**Work item**:
The answer must consist of every line from the entries below that contains the word "supported".

(Data listing Opens)

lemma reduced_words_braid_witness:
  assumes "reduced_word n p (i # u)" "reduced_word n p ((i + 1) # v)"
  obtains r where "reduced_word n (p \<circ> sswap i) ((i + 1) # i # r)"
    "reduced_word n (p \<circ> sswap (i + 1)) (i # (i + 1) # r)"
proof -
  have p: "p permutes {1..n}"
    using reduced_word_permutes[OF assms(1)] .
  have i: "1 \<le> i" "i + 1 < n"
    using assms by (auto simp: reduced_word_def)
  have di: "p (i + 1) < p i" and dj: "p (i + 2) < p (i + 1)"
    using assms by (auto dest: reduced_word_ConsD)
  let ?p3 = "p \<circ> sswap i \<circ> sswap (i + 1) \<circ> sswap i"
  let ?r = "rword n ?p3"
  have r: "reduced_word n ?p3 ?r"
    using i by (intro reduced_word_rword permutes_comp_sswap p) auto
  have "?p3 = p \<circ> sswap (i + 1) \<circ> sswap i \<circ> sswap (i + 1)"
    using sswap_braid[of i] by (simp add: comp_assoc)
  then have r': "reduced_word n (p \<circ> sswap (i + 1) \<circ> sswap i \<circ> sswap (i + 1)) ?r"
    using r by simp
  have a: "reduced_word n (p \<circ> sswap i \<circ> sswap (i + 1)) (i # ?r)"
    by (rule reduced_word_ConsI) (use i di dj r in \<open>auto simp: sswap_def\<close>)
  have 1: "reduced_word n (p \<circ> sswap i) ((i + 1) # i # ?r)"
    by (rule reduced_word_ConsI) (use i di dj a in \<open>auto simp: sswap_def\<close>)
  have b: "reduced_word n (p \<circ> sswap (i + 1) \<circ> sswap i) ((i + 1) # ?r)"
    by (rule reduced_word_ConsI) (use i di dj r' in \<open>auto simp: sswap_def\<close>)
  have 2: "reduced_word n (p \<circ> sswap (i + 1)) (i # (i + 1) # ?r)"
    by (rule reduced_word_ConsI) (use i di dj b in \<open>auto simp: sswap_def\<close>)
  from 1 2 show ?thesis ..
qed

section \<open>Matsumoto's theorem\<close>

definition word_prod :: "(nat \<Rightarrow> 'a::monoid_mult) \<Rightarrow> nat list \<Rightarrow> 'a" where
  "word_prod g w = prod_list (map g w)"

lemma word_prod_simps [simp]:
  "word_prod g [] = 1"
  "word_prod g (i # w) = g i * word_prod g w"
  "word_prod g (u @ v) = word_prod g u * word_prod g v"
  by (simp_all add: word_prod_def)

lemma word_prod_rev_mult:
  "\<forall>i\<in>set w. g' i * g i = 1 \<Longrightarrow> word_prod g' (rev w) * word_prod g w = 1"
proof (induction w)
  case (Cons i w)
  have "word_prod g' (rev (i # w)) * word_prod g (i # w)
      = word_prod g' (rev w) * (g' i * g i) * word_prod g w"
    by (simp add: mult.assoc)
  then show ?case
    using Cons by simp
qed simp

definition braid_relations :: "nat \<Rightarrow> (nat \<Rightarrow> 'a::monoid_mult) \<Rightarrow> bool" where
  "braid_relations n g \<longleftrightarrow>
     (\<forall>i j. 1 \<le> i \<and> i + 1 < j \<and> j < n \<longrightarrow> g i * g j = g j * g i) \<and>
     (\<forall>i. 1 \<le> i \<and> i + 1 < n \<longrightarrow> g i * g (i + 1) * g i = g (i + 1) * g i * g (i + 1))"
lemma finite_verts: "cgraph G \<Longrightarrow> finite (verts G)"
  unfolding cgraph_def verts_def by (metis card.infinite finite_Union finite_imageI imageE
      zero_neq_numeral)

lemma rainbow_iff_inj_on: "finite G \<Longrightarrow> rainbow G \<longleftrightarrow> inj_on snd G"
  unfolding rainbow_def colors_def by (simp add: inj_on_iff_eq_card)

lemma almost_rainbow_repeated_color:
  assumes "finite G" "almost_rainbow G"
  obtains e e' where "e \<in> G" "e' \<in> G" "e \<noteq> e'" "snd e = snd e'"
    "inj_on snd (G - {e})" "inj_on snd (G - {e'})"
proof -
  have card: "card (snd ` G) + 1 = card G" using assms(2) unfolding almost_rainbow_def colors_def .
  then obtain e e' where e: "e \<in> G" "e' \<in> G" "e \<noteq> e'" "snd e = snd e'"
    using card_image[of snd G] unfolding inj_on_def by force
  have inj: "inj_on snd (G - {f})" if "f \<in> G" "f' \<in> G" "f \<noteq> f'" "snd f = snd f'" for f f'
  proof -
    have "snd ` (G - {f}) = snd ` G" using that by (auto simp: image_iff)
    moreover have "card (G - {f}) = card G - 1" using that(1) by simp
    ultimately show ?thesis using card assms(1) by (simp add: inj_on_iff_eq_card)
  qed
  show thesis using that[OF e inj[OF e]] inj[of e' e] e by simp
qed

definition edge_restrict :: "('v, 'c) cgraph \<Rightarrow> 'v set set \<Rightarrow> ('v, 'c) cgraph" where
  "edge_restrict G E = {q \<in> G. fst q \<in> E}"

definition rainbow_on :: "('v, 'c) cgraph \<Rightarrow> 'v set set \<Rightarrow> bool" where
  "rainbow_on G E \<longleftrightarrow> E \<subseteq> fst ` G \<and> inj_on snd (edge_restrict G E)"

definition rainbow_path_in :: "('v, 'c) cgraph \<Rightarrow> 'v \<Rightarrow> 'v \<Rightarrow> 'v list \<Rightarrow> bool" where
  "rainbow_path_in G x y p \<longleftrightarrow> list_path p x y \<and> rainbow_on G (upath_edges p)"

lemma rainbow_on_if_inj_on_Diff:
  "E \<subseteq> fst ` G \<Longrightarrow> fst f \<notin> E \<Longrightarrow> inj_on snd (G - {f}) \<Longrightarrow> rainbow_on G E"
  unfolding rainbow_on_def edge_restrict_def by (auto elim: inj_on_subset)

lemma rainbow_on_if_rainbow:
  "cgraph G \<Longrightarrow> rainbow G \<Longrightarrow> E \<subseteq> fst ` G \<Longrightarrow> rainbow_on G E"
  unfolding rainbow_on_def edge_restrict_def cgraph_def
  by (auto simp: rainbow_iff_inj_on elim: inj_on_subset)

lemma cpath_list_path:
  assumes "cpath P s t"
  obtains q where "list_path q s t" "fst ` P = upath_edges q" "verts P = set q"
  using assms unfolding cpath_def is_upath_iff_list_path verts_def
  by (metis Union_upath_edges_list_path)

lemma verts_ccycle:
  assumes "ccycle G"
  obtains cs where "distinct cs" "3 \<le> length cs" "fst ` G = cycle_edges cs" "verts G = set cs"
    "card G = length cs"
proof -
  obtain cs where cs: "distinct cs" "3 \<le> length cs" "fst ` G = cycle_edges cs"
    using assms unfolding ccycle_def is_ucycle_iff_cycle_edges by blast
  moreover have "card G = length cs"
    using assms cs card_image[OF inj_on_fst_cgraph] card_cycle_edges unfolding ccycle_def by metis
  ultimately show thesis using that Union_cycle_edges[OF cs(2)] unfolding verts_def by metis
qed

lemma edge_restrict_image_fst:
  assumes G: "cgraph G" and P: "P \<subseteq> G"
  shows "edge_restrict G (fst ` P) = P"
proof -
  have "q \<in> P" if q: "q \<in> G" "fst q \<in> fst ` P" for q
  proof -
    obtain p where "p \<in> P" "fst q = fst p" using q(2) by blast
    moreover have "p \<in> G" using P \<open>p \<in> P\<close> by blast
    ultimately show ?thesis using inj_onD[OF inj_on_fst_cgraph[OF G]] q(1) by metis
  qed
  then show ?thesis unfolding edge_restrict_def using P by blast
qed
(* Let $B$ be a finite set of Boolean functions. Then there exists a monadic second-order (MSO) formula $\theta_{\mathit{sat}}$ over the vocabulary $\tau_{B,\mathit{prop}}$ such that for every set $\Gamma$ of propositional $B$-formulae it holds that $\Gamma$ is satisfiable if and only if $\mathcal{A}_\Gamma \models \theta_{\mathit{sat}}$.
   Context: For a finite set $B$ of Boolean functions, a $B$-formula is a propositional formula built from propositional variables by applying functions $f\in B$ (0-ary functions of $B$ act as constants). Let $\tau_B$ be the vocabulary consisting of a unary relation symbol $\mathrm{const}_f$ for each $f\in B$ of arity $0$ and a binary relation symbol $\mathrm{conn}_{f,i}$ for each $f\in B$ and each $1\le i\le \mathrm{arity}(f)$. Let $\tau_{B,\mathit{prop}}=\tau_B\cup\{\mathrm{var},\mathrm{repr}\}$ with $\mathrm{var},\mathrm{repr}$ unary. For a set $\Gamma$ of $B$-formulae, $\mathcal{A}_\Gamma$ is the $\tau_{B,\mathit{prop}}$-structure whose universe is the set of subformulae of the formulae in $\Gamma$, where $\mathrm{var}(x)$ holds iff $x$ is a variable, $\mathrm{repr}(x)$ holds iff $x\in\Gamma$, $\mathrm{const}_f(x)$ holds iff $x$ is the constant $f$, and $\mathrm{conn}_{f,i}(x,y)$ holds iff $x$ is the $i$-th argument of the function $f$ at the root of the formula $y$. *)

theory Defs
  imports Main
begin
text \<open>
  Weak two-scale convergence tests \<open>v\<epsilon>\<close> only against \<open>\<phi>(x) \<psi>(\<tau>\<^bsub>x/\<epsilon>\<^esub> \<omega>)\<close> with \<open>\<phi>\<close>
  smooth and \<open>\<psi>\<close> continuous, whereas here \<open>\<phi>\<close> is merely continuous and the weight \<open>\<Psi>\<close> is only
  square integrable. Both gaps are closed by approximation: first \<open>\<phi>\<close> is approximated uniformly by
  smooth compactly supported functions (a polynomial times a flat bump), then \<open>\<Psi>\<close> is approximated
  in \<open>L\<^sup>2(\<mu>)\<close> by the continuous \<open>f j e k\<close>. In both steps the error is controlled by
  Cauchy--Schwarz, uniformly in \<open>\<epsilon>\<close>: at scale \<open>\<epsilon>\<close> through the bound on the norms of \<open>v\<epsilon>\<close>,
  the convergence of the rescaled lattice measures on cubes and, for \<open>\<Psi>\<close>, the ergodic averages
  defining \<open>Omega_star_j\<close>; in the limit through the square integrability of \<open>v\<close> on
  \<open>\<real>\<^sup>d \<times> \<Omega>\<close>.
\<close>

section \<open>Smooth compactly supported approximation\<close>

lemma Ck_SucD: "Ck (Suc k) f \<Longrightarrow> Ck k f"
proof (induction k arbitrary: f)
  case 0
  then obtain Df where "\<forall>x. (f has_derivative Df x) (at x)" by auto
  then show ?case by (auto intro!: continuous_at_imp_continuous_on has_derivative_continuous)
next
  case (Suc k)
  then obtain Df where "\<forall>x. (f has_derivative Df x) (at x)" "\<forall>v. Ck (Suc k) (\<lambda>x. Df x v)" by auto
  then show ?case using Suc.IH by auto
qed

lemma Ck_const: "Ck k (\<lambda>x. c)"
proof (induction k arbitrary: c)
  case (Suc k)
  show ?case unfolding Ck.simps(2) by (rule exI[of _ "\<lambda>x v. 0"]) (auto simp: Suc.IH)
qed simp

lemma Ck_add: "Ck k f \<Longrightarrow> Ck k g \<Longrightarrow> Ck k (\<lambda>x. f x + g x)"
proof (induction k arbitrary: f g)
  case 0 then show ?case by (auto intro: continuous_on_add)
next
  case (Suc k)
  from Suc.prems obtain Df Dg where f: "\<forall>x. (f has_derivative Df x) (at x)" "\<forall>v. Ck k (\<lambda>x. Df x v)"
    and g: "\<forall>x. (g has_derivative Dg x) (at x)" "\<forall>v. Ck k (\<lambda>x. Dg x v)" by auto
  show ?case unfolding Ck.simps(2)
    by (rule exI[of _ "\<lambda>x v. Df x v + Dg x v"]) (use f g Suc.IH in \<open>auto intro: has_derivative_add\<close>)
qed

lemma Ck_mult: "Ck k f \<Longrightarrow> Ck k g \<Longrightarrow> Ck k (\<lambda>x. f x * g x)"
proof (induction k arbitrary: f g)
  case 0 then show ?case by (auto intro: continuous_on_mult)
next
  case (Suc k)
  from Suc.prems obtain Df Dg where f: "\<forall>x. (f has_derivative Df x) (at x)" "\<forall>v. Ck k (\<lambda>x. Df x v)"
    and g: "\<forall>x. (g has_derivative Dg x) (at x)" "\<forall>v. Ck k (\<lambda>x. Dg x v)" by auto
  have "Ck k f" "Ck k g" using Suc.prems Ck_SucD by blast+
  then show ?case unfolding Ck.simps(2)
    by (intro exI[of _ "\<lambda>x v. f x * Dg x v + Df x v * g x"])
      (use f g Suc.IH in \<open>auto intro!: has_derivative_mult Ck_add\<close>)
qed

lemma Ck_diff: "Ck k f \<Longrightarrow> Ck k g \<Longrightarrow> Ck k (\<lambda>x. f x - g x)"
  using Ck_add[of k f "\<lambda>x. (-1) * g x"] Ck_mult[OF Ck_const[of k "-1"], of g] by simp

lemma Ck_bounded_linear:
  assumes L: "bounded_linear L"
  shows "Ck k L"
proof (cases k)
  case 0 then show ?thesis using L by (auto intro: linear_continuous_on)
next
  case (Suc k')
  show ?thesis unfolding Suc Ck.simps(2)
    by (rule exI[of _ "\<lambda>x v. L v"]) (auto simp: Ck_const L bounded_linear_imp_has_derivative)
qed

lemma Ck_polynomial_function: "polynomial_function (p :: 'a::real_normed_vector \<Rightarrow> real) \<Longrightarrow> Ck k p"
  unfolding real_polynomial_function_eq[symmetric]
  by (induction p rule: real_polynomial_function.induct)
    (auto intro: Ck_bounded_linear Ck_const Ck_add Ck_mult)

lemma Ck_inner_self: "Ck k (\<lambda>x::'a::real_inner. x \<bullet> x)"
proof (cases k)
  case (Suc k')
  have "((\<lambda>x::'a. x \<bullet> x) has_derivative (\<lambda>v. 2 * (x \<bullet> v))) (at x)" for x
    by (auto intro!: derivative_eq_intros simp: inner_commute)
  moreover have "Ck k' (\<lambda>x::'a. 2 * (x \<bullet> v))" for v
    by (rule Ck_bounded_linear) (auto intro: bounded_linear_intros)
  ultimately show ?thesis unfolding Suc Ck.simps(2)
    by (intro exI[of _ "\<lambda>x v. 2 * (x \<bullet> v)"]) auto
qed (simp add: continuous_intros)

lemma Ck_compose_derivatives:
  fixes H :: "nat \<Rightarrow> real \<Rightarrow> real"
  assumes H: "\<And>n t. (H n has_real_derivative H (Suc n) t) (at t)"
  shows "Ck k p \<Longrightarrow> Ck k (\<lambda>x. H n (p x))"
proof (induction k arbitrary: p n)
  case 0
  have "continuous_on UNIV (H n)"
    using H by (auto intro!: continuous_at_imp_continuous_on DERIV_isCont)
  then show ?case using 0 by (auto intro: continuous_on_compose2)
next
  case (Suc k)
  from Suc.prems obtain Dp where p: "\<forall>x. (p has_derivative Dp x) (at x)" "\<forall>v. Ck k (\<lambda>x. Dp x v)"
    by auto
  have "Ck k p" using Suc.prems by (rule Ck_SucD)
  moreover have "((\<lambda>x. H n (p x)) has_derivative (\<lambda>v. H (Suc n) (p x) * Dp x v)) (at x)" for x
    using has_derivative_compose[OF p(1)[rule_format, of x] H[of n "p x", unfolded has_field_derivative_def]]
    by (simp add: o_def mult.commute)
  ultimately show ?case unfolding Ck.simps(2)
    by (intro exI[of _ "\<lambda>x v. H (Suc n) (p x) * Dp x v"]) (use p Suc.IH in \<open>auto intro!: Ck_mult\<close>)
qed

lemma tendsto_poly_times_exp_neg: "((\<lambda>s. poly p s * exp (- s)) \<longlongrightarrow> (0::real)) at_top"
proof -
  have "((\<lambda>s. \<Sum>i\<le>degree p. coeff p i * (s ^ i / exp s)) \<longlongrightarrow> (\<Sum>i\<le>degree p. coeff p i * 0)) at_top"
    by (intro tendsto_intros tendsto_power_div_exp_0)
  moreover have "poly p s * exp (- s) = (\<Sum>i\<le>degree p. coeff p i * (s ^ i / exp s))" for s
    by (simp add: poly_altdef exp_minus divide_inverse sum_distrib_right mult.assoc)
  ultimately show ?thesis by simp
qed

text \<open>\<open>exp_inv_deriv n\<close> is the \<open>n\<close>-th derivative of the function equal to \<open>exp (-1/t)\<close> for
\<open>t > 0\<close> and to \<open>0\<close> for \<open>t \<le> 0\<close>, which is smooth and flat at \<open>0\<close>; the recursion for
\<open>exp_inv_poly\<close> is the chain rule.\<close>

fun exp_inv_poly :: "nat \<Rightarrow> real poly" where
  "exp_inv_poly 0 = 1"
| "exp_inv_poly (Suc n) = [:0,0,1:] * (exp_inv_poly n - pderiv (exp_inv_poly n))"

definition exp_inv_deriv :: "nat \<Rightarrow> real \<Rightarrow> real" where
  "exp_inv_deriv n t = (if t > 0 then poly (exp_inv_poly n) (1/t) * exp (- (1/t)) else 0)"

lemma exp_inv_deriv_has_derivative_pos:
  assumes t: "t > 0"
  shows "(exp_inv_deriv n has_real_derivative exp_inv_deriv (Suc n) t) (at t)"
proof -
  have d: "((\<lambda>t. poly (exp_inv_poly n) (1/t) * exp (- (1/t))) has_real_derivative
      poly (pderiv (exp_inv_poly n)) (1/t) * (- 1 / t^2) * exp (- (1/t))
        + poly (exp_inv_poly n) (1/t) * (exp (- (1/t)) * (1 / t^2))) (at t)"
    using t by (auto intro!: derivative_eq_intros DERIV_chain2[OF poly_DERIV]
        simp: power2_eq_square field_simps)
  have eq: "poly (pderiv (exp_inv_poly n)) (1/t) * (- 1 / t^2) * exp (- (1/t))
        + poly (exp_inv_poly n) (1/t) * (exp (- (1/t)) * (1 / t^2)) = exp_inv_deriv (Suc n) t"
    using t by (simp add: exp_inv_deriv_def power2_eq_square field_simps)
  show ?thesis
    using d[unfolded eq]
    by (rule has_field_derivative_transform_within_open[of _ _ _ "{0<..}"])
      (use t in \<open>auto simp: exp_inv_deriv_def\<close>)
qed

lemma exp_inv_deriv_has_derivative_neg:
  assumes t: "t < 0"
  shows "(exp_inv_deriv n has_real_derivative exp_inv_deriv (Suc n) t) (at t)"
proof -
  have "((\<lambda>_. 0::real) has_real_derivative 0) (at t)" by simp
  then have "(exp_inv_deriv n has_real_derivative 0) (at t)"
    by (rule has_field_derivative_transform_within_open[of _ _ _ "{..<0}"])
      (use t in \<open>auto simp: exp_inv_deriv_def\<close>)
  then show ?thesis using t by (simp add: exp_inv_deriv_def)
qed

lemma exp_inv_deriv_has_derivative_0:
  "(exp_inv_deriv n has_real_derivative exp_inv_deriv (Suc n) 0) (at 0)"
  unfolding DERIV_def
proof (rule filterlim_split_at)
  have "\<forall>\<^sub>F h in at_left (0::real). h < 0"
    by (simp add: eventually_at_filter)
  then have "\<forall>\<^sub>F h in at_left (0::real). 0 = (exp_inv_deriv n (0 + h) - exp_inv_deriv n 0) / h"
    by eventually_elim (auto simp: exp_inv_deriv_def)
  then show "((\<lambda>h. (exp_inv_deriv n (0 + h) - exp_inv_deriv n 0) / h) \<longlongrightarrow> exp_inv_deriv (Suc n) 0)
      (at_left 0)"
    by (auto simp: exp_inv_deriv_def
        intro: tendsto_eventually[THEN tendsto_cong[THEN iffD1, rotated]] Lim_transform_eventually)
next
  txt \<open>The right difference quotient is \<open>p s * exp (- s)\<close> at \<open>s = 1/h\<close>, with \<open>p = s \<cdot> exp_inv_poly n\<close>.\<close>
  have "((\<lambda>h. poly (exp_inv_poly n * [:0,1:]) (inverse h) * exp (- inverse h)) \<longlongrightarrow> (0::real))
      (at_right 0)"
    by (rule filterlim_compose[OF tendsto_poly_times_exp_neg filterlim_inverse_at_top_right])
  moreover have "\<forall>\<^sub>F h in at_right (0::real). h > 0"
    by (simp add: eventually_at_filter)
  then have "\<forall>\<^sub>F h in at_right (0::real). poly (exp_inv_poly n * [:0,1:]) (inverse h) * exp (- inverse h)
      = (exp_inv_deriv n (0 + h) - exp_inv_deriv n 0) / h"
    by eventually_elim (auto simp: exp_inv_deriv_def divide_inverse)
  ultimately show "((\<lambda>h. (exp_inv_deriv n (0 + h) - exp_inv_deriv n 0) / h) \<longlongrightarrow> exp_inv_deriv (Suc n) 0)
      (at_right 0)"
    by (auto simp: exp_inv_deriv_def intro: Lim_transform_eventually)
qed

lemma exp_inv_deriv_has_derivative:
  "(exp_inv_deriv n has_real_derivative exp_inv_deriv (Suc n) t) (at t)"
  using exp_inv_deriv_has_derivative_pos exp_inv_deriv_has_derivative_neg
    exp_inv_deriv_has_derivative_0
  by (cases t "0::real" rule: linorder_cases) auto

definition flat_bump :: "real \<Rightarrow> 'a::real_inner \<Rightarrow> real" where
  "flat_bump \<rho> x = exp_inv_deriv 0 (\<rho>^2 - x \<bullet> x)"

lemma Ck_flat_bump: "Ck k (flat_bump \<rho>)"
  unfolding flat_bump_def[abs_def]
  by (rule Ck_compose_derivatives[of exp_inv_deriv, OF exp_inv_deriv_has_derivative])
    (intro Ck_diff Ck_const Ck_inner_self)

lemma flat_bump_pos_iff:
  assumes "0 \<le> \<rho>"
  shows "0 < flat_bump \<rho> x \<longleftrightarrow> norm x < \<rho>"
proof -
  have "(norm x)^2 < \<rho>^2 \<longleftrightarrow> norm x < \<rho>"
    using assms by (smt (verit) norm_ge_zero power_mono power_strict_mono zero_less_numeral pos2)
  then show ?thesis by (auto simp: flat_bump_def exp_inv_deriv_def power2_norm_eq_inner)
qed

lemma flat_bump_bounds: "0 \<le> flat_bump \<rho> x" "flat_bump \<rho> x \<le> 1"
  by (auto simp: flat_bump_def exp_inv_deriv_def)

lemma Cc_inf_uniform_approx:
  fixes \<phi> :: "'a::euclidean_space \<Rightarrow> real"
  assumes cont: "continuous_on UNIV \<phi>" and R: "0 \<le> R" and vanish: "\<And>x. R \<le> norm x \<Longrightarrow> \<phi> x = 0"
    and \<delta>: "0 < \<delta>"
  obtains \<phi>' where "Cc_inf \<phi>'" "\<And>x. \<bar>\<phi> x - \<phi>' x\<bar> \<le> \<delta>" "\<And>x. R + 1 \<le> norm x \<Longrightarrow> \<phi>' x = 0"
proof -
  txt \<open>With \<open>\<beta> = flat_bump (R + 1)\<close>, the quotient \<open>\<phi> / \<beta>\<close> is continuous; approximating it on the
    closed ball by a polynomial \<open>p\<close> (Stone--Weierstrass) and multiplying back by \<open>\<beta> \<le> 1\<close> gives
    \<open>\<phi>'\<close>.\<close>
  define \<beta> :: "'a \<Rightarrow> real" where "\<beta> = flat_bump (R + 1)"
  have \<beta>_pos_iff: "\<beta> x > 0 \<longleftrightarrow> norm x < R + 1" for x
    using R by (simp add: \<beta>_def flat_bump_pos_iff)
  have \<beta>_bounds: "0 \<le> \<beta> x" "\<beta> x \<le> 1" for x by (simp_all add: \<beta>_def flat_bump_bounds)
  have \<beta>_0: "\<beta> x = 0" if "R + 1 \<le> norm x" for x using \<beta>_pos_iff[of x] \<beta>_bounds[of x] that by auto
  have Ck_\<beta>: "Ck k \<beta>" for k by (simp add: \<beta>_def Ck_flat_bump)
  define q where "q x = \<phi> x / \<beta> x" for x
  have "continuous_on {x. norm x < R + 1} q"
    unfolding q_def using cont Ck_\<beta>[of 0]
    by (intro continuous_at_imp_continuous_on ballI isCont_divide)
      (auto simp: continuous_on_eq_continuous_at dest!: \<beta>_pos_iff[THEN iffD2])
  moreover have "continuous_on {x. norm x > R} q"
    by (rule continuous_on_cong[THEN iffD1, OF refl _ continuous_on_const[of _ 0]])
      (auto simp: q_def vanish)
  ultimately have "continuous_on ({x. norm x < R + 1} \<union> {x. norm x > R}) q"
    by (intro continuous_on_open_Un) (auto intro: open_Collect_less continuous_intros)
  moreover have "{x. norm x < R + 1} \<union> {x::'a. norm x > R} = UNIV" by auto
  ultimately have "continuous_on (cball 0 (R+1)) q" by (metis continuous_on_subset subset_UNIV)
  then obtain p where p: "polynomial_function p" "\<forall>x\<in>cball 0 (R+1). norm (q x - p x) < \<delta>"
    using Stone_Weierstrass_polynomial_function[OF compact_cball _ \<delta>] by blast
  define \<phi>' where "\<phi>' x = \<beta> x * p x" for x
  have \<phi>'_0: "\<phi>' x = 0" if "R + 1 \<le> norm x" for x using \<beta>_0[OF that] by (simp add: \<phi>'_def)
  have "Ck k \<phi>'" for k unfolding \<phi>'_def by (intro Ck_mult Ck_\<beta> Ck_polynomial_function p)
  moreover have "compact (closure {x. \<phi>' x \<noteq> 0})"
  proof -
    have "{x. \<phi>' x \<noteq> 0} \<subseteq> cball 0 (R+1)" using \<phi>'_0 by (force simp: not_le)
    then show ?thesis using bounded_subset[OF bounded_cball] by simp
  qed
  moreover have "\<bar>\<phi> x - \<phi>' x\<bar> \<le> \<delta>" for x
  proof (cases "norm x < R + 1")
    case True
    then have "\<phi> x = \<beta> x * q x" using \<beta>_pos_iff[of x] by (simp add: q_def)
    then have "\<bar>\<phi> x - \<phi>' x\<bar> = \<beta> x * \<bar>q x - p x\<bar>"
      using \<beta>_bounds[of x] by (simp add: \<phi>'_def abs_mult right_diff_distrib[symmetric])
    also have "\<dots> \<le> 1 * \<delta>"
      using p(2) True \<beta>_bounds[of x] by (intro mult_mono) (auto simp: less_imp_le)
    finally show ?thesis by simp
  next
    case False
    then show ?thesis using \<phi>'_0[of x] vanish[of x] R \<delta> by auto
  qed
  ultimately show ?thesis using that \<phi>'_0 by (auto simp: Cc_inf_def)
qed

(Data listing Closes)

**Response area**:
  smooth compactly supported functions (a polynomial times a flat bump), then \<open>\<Psi>\<close> is approximated
section \<open>Smooth compactly supported approximation\<close>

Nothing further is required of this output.